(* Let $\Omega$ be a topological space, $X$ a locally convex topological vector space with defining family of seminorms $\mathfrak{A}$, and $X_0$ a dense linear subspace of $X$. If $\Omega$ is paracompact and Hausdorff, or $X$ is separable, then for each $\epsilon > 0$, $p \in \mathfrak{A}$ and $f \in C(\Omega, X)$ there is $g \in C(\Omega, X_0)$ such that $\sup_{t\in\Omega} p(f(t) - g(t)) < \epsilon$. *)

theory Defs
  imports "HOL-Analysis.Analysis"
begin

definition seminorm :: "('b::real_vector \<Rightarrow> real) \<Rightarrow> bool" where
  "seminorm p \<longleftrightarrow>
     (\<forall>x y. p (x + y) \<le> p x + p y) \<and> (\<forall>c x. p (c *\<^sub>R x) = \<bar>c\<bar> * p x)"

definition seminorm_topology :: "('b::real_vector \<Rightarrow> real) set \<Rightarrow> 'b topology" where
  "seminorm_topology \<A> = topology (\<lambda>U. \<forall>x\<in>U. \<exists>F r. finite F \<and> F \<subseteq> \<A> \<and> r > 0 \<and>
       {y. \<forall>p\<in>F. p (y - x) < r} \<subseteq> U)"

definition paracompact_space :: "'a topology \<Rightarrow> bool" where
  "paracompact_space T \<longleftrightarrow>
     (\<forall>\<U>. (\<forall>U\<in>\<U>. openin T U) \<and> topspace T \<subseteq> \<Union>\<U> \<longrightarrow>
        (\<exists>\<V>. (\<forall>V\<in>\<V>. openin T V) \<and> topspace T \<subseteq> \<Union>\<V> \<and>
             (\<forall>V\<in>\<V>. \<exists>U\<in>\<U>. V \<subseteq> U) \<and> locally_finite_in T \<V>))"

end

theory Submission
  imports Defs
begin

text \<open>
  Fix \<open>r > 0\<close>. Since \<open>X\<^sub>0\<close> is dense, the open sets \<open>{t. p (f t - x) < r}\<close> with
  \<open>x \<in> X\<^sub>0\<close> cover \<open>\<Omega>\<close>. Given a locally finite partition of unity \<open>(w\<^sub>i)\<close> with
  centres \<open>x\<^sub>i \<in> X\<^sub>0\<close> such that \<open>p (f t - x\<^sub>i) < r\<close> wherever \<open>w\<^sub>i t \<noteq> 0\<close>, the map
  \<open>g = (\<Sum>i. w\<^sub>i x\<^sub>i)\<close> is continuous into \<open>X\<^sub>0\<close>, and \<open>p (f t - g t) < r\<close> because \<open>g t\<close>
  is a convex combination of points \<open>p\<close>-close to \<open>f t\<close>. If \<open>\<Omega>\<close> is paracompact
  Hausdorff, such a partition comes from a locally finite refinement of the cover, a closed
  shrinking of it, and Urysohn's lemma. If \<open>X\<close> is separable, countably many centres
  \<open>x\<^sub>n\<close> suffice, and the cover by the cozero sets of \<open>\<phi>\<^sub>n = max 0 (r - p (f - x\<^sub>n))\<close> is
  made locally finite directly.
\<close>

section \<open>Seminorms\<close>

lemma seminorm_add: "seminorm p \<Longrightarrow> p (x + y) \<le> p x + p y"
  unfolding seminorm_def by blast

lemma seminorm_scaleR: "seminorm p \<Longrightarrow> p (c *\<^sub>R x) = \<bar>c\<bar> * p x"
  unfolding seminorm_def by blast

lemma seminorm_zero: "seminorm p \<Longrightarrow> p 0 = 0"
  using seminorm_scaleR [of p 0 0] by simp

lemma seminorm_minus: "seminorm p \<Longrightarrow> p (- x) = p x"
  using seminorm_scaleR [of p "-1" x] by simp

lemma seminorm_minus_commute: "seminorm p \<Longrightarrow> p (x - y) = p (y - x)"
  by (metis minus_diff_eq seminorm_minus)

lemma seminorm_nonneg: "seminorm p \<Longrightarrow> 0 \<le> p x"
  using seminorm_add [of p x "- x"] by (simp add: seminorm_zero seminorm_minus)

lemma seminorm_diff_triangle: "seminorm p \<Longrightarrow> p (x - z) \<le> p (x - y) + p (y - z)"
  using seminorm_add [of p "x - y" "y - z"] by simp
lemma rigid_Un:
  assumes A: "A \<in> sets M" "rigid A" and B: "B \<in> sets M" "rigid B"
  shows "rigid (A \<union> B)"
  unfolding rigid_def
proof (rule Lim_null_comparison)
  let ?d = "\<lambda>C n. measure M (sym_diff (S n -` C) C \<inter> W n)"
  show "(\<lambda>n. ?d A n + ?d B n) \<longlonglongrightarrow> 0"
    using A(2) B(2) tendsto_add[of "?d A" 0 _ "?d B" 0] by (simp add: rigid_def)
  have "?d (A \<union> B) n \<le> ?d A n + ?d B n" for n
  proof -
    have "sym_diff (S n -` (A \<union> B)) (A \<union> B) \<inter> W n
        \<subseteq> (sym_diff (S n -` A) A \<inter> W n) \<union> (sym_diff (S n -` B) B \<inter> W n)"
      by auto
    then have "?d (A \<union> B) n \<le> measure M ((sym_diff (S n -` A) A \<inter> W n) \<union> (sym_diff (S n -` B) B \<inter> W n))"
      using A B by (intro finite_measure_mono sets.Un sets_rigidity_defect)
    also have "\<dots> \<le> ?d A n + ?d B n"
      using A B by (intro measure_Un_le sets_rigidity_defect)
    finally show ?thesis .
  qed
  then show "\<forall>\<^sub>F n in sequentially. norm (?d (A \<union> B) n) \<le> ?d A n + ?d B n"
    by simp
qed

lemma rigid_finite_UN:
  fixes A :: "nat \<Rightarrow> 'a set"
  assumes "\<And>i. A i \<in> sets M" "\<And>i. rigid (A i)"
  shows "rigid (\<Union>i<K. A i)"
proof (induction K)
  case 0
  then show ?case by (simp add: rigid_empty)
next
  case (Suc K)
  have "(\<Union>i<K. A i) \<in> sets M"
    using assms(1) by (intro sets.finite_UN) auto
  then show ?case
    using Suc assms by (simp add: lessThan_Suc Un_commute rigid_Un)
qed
***
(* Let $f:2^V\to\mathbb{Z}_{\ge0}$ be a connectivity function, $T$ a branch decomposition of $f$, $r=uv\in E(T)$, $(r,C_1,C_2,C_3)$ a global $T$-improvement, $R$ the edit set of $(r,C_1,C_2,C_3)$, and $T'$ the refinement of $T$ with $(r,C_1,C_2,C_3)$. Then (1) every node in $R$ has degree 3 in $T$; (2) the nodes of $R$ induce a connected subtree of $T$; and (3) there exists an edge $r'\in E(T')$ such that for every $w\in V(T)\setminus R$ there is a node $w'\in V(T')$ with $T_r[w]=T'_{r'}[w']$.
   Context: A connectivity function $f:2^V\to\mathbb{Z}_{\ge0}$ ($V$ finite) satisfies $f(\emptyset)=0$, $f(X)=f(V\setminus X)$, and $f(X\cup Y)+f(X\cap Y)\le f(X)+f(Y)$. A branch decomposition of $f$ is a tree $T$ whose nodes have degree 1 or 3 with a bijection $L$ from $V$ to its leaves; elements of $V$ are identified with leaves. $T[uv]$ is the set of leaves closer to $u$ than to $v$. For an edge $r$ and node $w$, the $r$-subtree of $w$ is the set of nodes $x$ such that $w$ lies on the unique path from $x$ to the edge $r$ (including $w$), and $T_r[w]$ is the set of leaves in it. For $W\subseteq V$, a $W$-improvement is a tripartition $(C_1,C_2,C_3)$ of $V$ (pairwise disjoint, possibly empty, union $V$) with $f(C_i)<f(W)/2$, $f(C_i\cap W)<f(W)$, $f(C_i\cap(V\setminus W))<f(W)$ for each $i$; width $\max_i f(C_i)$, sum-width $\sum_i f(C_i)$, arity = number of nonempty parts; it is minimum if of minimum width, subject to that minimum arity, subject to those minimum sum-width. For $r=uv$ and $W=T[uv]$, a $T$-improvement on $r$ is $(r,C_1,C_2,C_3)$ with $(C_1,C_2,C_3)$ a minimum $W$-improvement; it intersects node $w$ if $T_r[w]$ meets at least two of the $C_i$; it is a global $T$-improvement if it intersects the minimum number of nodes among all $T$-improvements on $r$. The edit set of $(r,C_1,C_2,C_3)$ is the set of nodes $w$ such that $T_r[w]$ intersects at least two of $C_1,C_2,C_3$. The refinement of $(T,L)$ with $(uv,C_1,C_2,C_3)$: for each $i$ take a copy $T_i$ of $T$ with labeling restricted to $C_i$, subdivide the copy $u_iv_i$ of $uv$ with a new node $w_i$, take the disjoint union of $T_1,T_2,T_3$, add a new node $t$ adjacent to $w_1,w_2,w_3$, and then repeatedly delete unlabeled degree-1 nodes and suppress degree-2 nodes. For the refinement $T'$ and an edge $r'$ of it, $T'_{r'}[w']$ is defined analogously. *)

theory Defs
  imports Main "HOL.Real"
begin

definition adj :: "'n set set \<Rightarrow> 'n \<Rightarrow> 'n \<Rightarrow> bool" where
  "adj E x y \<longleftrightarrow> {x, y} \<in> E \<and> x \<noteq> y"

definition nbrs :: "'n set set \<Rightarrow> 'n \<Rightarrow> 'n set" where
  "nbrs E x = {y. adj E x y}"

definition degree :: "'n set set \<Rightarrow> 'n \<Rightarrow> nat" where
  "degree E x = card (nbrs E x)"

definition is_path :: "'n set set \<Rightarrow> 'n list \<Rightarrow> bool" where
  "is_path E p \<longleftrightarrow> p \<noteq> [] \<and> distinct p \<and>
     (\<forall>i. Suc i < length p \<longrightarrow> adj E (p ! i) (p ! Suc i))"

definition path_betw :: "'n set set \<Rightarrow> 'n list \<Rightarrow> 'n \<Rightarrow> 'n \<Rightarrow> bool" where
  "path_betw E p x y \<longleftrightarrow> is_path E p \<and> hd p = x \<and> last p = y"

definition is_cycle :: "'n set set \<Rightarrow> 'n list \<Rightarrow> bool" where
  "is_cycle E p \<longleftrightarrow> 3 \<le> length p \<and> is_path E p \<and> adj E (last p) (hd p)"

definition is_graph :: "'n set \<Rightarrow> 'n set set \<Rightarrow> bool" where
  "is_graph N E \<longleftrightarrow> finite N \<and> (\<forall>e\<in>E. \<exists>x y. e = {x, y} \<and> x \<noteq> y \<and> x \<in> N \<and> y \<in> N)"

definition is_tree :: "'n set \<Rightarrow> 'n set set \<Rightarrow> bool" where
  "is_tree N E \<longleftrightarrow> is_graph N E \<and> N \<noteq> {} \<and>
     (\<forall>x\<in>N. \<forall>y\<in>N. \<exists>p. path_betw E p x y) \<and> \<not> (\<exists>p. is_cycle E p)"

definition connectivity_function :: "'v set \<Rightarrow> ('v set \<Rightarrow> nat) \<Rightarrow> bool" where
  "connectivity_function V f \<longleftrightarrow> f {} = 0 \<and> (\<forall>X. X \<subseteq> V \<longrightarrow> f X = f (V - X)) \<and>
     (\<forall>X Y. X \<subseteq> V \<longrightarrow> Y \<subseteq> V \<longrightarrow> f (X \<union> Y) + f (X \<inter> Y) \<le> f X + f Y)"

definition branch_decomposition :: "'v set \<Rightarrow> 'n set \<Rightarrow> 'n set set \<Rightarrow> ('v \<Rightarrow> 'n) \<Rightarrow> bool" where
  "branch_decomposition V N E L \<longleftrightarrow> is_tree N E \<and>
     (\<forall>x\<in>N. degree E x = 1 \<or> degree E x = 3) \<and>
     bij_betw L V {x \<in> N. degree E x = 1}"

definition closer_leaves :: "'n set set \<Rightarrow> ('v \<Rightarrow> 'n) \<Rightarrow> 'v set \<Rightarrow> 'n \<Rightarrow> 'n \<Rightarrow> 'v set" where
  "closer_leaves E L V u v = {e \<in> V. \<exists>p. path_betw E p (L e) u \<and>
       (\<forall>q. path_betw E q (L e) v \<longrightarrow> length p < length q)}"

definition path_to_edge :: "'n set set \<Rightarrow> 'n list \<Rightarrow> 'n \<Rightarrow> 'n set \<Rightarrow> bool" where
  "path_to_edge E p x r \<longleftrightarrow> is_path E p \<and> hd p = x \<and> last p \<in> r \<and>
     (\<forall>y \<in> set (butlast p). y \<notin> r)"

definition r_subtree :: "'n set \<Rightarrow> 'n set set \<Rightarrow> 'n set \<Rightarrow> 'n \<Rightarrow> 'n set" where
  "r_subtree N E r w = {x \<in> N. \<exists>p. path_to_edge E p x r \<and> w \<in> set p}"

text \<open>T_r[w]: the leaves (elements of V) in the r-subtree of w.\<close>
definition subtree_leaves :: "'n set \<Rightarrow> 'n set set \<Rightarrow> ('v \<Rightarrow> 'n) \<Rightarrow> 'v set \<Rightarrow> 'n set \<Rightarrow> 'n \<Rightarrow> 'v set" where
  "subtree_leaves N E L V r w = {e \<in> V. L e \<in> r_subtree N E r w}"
***
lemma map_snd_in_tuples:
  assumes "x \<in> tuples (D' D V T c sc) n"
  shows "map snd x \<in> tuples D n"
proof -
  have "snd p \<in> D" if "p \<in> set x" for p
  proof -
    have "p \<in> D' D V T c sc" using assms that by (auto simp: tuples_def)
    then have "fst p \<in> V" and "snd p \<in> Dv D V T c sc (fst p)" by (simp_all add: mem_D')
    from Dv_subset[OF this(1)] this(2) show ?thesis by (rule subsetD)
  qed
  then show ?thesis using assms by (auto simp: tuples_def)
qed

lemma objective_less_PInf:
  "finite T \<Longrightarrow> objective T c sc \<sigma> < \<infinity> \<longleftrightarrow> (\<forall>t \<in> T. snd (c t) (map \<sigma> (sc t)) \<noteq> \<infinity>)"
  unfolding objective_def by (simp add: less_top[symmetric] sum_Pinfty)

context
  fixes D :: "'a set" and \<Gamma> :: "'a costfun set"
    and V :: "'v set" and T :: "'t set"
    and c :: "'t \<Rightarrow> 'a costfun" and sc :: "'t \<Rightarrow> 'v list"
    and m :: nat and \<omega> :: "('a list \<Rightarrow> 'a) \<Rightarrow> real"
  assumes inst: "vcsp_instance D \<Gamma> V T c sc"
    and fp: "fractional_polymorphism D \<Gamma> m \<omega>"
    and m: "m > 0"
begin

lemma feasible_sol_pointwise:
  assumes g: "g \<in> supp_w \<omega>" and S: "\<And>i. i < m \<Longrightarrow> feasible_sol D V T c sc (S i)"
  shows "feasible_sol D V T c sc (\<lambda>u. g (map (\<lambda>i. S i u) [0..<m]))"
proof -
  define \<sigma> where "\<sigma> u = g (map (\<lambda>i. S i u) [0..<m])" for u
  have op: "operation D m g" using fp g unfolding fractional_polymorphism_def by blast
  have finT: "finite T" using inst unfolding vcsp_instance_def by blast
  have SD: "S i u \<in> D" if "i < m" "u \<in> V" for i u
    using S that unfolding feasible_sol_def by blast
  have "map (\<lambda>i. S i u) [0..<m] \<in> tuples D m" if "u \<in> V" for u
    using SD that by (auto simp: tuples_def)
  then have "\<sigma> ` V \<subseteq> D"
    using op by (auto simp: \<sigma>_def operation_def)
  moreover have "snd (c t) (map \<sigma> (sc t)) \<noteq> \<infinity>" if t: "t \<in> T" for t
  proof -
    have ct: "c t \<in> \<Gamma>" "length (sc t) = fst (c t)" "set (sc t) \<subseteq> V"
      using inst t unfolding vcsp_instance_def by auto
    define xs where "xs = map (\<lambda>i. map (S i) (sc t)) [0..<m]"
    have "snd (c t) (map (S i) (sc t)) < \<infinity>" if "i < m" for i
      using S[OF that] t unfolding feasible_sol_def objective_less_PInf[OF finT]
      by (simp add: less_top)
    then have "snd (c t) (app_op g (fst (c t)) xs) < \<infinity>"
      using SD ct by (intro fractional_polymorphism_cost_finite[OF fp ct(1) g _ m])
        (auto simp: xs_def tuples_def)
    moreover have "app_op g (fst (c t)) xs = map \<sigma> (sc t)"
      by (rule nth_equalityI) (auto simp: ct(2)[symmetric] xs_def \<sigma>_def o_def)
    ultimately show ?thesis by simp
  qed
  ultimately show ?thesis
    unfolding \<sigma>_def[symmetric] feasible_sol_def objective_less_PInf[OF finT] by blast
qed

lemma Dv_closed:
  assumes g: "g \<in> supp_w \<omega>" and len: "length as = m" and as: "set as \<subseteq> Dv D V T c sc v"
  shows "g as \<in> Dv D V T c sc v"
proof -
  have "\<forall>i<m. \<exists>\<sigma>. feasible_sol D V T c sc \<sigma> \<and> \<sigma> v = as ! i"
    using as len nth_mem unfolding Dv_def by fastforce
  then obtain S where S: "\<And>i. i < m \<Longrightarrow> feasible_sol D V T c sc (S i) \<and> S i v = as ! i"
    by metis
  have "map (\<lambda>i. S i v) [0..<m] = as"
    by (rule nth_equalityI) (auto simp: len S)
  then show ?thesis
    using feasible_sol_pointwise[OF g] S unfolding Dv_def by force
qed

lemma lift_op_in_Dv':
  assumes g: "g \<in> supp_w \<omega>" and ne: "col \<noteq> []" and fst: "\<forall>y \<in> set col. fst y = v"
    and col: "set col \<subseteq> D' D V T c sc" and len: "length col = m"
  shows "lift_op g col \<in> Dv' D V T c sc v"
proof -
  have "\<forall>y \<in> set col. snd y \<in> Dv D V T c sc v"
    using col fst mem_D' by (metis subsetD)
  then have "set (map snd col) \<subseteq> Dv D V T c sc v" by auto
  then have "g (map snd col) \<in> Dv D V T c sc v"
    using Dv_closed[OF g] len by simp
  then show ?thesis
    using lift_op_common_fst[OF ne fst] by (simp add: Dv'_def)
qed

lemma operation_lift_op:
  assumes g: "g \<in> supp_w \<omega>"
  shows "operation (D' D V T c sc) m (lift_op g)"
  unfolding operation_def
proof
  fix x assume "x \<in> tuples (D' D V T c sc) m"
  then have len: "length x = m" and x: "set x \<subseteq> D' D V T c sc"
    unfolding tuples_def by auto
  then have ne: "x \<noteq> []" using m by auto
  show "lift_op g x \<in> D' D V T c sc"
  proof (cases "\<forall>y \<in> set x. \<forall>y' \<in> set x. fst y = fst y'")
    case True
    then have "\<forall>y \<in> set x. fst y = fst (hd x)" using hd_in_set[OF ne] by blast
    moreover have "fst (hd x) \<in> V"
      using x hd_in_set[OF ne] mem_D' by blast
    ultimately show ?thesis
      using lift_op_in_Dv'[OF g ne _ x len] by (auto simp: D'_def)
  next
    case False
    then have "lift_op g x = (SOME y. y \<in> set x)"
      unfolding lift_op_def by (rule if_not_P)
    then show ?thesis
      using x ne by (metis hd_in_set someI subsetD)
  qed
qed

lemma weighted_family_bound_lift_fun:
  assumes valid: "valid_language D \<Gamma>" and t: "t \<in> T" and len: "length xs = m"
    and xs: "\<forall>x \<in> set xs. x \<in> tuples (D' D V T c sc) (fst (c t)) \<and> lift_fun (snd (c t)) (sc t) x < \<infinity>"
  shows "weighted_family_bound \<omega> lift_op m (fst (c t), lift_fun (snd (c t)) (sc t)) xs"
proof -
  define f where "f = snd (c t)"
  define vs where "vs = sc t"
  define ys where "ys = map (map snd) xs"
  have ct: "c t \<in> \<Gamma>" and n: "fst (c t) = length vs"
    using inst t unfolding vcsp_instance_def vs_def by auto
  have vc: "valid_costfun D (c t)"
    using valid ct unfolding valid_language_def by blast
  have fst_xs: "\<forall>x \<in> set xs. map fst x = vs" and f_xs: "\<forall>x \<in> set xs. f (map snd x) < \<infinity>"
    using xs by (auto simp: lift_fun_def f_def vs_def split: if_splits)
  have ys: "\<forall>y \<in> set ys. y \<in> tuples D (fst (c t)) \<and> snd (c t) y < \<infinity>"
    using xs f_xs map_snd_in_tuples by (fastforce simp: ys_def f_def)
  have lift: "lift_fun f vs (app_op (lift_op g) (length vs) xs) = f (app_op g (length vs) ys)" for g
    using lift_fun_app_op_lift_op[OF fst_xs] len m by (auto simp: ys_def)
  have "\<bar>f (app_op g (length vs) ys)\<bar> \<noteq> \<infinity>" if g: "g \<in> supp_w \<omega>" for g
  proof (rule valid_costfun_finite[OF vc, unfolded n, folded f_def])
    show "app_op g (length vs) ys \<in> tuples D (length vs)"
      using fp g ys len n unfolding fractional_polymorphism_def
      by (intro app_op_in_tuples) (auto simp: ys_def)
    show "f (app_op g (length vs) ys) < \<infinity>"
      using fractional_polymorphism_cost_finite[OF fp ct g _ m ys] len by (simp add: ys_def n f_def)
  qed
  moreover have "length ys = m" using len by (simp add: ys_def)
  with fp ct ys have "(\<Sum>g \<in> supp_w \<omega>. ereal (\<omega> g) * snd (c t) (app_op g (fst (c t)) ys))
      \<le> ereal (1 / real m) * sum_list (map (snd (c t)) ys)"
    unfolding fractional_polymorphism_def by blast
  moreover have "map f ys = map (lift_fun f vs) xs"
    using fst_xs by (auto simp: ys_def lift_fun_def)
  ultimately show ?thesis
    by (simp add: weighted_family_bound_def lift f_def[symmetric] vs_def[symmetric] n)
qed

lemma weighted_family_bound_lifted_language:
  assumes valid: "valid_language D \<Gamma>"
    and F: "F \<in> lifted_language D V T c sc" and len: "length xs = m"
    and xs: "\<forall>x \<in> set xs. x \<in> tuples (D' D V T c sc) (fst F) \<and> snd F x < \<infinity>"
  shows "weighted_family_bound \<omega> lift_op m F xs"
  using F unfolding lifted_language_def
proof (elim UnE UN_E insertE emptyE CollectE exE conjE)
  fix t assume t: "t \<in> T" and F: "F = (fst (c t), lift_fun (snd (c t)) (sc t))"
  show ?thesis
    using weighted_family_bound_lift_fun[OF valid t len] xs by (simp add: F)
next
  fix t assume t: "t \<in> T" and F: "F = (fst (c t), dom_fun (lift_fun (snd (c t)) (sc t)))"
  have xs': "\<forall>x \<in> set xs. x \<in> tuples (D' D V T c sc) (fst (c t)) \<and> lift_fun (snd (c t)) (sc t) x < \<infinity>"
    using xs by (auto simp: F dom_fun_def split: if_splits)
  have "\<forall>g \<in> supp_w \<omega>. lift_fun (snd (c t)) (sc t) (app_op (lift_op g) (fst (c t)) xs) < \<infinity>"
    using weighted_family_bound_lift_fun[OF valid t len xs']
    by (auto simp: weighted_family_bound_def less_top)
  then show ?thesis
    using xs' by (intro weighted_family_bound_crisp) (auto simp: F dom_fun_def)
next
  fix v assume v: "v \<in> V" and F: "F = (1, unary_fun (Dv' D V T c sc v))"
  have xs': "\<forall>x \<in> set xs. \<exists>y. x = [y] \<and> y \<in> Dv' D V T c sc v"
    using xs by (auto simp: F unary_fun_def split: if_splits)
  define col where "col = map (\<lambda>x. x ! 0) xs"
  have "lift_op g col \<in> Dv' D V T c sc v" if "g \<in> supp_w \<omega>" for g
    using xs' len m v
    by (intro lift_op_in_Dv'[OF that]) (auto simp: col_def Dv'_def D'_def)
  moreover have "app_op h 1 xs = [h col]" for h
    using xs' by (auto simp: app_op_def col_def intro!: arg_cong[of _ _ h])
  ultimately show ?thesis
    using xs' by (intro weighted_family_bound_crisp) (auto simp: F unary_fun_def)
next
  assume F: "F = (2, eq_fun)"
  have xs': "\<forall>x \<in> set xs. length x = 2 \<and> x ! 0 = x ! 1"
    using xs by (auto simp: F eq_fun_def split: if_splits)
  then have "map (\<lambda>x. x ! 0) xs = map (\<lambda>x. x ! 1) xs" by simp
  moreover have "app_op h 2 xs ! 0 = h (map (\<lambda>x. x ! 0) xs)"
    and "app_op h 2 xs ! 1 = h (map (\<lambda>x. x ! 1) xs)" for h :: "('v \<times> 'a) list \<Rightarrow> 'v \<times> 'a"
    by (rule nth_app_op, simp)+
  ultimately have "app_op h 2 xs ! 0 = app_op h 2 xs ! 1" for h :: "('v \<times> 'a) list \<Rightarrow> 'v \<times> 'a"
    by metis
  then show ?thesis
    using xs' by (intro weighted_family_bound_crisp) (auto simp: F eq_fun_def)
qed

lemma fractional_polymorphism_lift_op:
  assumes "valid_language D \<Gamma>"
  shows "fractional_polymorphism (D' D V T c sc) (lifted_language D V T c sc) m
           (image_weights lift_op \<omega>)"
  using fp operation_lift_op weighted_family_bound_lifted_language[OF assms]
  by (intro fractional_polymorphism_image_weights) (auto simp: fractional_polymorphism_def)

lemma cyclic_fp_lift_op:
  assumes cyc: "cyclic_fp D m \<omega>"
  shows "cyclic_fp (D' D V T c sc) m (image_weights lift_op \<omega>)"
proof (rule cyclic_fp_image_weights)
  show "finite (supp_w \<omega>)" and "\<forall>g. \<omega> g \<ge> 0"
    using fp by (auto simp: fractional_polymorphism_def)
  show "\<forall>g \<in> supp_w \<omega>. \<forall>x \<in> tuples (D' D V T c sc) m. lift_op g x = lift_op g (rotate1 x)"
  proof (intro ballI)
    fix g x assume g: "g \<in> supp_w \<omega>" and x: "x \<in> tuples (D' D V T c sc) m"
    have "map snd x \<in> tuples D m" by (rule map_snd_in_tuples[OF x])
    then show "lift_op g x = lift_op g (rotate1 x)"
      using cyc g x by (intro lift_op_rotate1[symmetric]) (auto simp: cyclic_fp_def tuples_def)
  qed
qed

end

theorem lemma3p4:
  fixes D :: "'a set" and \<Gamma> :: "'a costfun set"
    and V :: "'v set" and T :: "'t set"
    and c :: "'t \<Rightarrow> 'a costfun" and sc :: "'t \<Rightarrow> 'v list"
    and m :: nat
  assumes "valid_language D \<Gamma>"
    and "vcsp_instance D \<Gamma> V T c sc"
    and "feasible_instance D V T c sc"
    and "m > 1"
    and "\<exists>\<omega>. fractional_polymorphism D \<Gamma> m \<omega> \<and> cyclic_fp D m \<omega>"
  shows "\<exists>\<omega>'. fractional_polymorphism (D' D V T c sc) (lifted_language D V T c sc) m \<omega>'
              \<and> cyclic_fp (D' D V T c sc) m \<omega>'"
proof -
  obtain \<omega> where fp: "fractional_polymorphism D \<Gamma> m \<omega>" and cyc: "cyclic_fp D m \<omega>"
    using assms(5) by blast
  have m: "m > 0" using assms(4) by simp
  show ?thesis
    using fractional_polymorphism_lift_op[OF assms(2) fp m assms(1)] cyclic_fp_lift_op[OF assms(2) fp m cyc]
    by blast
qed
***
Work to complete: From the records above, transcribe exactly the run of lines that opens with the line holding "using xs' len m v" and closes with the line holding "using fp operation_lift_op", both included.

Answer to the problem:
    using xs' len m v
    by (intro lift_op_in_Dv'[OF that]) (auto simp: col_def Dv'_def D'_def)
  moreover have "app_op h 1 xs = [h col]" for h
    using xs' by (auto simp: app_op_def col_def intro!: arg_cong[of _ _ h])
  ultimately show ?thesis
    using xs' by (intro weighted_family_bound_crisp) (auto simp: F unary_fun_def)
next
  assume F: "F = (2, eq_fun)"
  have xs': "\<forall>x \<in> set xs. length x = 2 \<and> x ! 0 = x ! 1"
    using xs by (auto simp: F eq_fun_def split: if_splits)
  then have "map (\<lambda>x. x ! 0) xs = map (\<lambda>x. x ! 1) xs" by simp
  moreover have "app_op h 2 xs ! 0 = h (map (\<lambda>x. x ! 0) xs)"
    and "app_op h 2 xs ! 1 = h (map (\<lambda>x. x ! 1) xs)" for h :: "('v \<times> 'a) list \<Rightarrow> 'v \<times> 'a"
    by (rule nth_app_op, simp)+
  ultimately have "app_op h 2 xs ! 0 = app_op h 2 xs ! 1" for h :: "('v \<times> 'a) list \<Rightarrow> 'v \<times> 'a"
    by metis
  then show ?thesis
    using xs' by (intro weighted_family_bound_crisp) (auto simp: F eq_fun_def)
qed

lemma fractional_polymorphism_lift_op:
  assumes "valid_language D \<Gamma>"
  shows "fractional_polymorphism (D' D V T c sc) (lifted_language D V T c sc) m
           (image_weights lift_op \<omega>)"
  using fp operation_lift_op weighted_family_bound_lifted_language[OF assms]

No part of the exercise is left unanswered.